- After a shaky Monday, the USD recovered, and Tuesday is unlikely to see much movement.
- Amid renewed market sentiment, US Dollar (DXY) gains and remains near the 103.00 mark.
- The market is pricing in a 100 bps rate cut by year-end.
On Tuesday, the US Dollar (USD), measured by the DXY Index, is capitalizing on recent recovery gains near the 103.00 mark subsequent to an improvement in market sentiment. In addition, caution due to absent news about the Middle Eastern conflict between Iran and Israel is also backing the Dollar’s current position. However, the Greenback’s trajectory throughout the day could potentially be limited by the high dovish bets on the Federal Reserve (Fed).

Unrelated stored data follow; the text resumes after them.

section \<open>The completion of a dense subspace of the square\<close>

locale dense_in_square =
  fixes W :: "'a set" and d :: "'a \<Rightarrow> 'a \<Rightarrow> real" and S :: "real \<times> real \<Rightarrow> 'a"
    and h :: "'a \<Rightarrow> real \<times> real"
  assumes h_in_U0: "x \<in> W \<Longrightarrow> h x \<in> U0"
    and d_eq: "x \<in> W \<Longrightarrow> y \<in> W \<Longrightarrow> d x y = taxicab (h x) (h y)"
    and dense: "p \<in> U0 \<Longrightarrow> 0 < \<epsilon> \<Longrightarrow> \<exists>w\<in>W. taxicab (h w) p < \<epsilon>"
    and S_in_W: "p \<in> M0 \<Longrightarrow> S p \<in> W"
    and h_S: "p \<in> M0 \<Longrightarrow> h (S p) = p"
begin

definition lim_h :: "(nat \<Rightarrow> 'a) \<Rightarrow> real \<times> real" where
  "lim_h \<sigma> = lim (\<lambda>n. h (\<sigma> n))"

lemma cauchy_seqs_lim_h:
  assumes "\<sigma> \<in> cauchy_seqs W d"
  shows "(\<lambda>n. h (\<sigma> n)) \<longlonglongrightarrow> lim_h \<sigma>" "lim_h \<sigma> \<in> U0"
proof -
  have W: "\<sigma> n \<in> W" for n using assms unfolding cauchy_seqs_def by blast
  have "Cauchy (\<lambda>n. h (\<sigma> n))"
  proof (rule metric_CauchyI)
    fix \<epsilon> :: real assume "0 < \<epsilon>"
    then obtain N where N: "\<forall>m\<ge>N. \<forall>n\<ge>N. d (\<sigma> m) (\<sigma> n) < \<epsilon>"
      using assms unfolding cauchy_seqs_def by blast
    have "dist (h (\<sigma> m)) (h (\<sigma> n)) < \<epsilon>" if "N \<le> m" "N \<le> n" for m n
      using dist_le_taxicab[of "h (\<sigma> m)" "h (\<sigma> n)"] d_eq[OF W W, of m n] N[rule_format, OF that]
      by linarith
    then show "\<exists>M. \<forall>m\<ge>M. \<forall>n\<ge>M. dist (h (\<sigma> m)) (h (\<sigma> n)) < \<epsilon>" by blast
  qed
  then show lim: "(\<lambda>n. h (\<sigma> n)) \<longlonglongrightarrow> lim_h \<sigma>"
    unfolding lim_h_def Cauchy_convergent_iff convergent_LIMSEQ_iff .
  show "lim_h \<sigma> \<in> U0" using closed_sequentially[OF closed_U0 h_in_U0[OF W] lim] .
qed

lemma cauchy_seqs_if_convergent:
  assumes W: "\<And>n. \<sigma> n \<in> W" and lim: "(\<lambda>n. h (\<sigma> n)) \<longlonglongrightarrow> p"
  shows "\<sigma> \<in> cauchy_seqs W d"
proof -
  have "\<exists>N. \<forall>m\<ge>N. \<forall>n\<ge>N. d (\<sigma> m) (\<sigma> n) < \<epsilon>" if "0 < \<epsilon>" for \<epsilon>
  proof -
    have "Cauchy (\<lambda>n. h (\<sigma> n))" using lim by (rule LIMSEQ_imp_Cauchy)
    then obtain N where N: "\<forall>m\<ge>N. \<forall>n\<ge>N. dist (h (\<sigma> m)) (h (\<sigma> n)) < \<epsilon> / 2"
      using metric_CauchyD \<open>0 < \<epsilon>\<close> half_gt_zero by blast
    have "d (\<sigma> m) (\<sigma> n) < \<epsilon>" if "N \<le> m" "N \<le> n" for m n
      using taxicab_le_2_dist[of "h (\<sigma> m)" "h (\<sigma> n)"] d_eq[OF W W, of m n] N[rule_format, OF that]
      by linarith
    then show ?thesis by blast
  qed
  with W show ?thesis unfolding cauchy_seqs_def by blast
qed

lemma ceq_eq_lim_h:
  "ceq W d = {(\<sigma>, \<tau>). \<sigma> \<in> cauchy_seqs W d \<and> \<tau> \<in> cauchy_seqs W d \<and> lim_h \<sigma> = lim_h \<tau>}"
proof -
  have "(\<lambda>n. d (\<sigma> n) (\<tau> n)) \<longlonglongrightarrow> 0 \<longleftrightarrow> lim_h \<sigma> = lim_h \<tau>"
    if "\<sigma> \<in> cauchy_seqs W d" "\<tau> \<in> cauchy_seqs W d" for \<sigma> \<tau>
  proof -
    have W: "\<sigma> n \<in> W" "\<tau> n \<in> W" for n using that unfolding cauchy_seqs_def by blast+
    have "(\<lambda>n. d (\<sigma> n) (\<tau> n)) \<longlonglongrightarrow> taxicab (lim_h \<sigma>) (lim_h \<tau>)"
      unfolding d_eq[OF W] using cauchy_seqs_lim_h(1)[OF that(1)] cauchy_seqs_lim_h(1)[OF that(2)]
      by (rule tendsto_taxicab)
    then show ?thesis using LIMSEQ_unique taxicab_eq_0_iff by metis
  qed
  then show ?thesis unfolding ceq_def by auto
qed

lemma equiv_ceq: "equiv (cauchy_seqs W d) (ceq W d)"
  unfolding ceq_eq_lim_h by (intro equivI refl_onI symI transI) auto

lemma C_car_some_representative:
  assumes "A \<in> C_car W d"
  shows "(SOME \<sigma>. \<sigma> \<in> A) \<in> cauchy_seqs W d" "A = ceq W d `` {SOME \<sigma>. \<sigma> \<in> A}"
proof -
  from assms obtain \<sigma> where A: "A = ceq W d `` {\<sigma>}" and "\<sigma> \<in> cauchy_seqs W d"
    unfolding C_car_def by (rule quotientE)
  then have "\<sigma> \<in> A" using equiv_class_self[OF equiv_ceq] by blast
  then have "(SOME \<sigma>. \<sigma> \<in> A) \<in> A" by (rule someI[where P = "\<lambda>\<sigma>. \<sigma> \<in> A"])
  then have rel: "(\<sigma>, SOME \<sigma>. \<sigma> \<in> A) \<in> ceq W d" using A by simp
  then show "(SOME \<sigma>. \<sigma> \<in> A) \<in> cauchy_seqs W d" unfolding ceq_def by blast
  show "A = ceq W d `` {SOME \<sigma>. \<sigma> \<in> A}" using A equiv_class_eq[OF equiv_ceq rel] by simp
qed

definition approx_seq :: "real \<times> real \<Rightarrow> nat \<Rightarrow> 'a" where
  "approx_seq p n = (SOME w. w \<in> W \<and> taxicab (h w) p < 1 / real (Suc n))"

Markets are seeing that the US economic outlook is weak due to July’s soft data and seem to be fearing a recession, while officials are asking the public not to overreact to one data point.
Daily digest market movers: USD upside limited as markets price in 100 bps Fed easing by year-end
- Despite the USD gains, its potential is limited by the steady dovish bets on the Fed.
- Market anticipates a rate cut in September, leading to subsequent USD weakening.
- In addition, market is pricing in a 100 bps rate cut by year-end, with some odds of an additional 25 bps.
- Over 200 bps of total easing is priced in for the coming year, barring a deep US recession.
- Market anxiously awaiting incoming data to assess Fed easing narrative.
DXY technical outlook: Bulls step in, but bears still command
On the technical side, the DXY outlook turned bearish after a sharp decline in the Relative Strength Index (RSI), which fell into oversold territory in the last few trading sessions but seemed to recover on Tuesday. However, the outlook remains bearish, with the index still trading below the 20, 100 and 200-day Simple Moving Averages (SMAs).
Supports: 102.50, 102.20, 102.00
Resistances: 103.00, 103.50, 104.00
Fed FAQs
Monetary policy in the US is shaped by the Federal Reserve (Fed). The Fed has two mandates: to achieve price stability and foster full employment. Its primary tool to achieve these goals is by adjusting interest rates. When prices are rising too quickly and inflation is above the Fed’s 2% target, it raises interest rates, increasing borrowing costs throughout the economy. This results in a stronger US Dollar (USD) as it makes the US a more attractive place for international investors to park their money. When inflation falls below 2% or the Unemployment Rate is too high, the Fed may lower interest rates to encourage borrowing, which weighs on the Greenback.
The Federal Reserve (Fed) holds eight policy meetings a year, where the Federal Open Market Committee (FOMC) assesses economic conditions and makes monetary policy decisions. The FOMC is attended by twelve Fed officials – the seven members of the Board of Governors, the president of the Federal Reserve Bank of New York, and four of the remaining eleven regional Reserve Bank presidents, who serve one-year terms on a rotating basis.
In extreme situations, the Federal Reserve may resort to a policy named Quantitative Easing (QE). QE is the process by which the Fed substantially increases the flow of credit in a stuck financial system. It is a non-standard policy measure used during crises or when inflation is extremely low. It was the Fed’s weapon of choice during the Great Financial Crisis in 2008. It involves the Fed printing more Dollars and using them to buy high grade bonds from financial institutions. QE usually weakens the US Dollar.
Quantitative tightening (QT) is the reverse process of QE, whereby the Federal Reserve stops buying bonds from financial institutions and does not reinvest the principal from the bonds it holds maturing, to purchase new bonds. It is usually positive for the value of the US Dollar.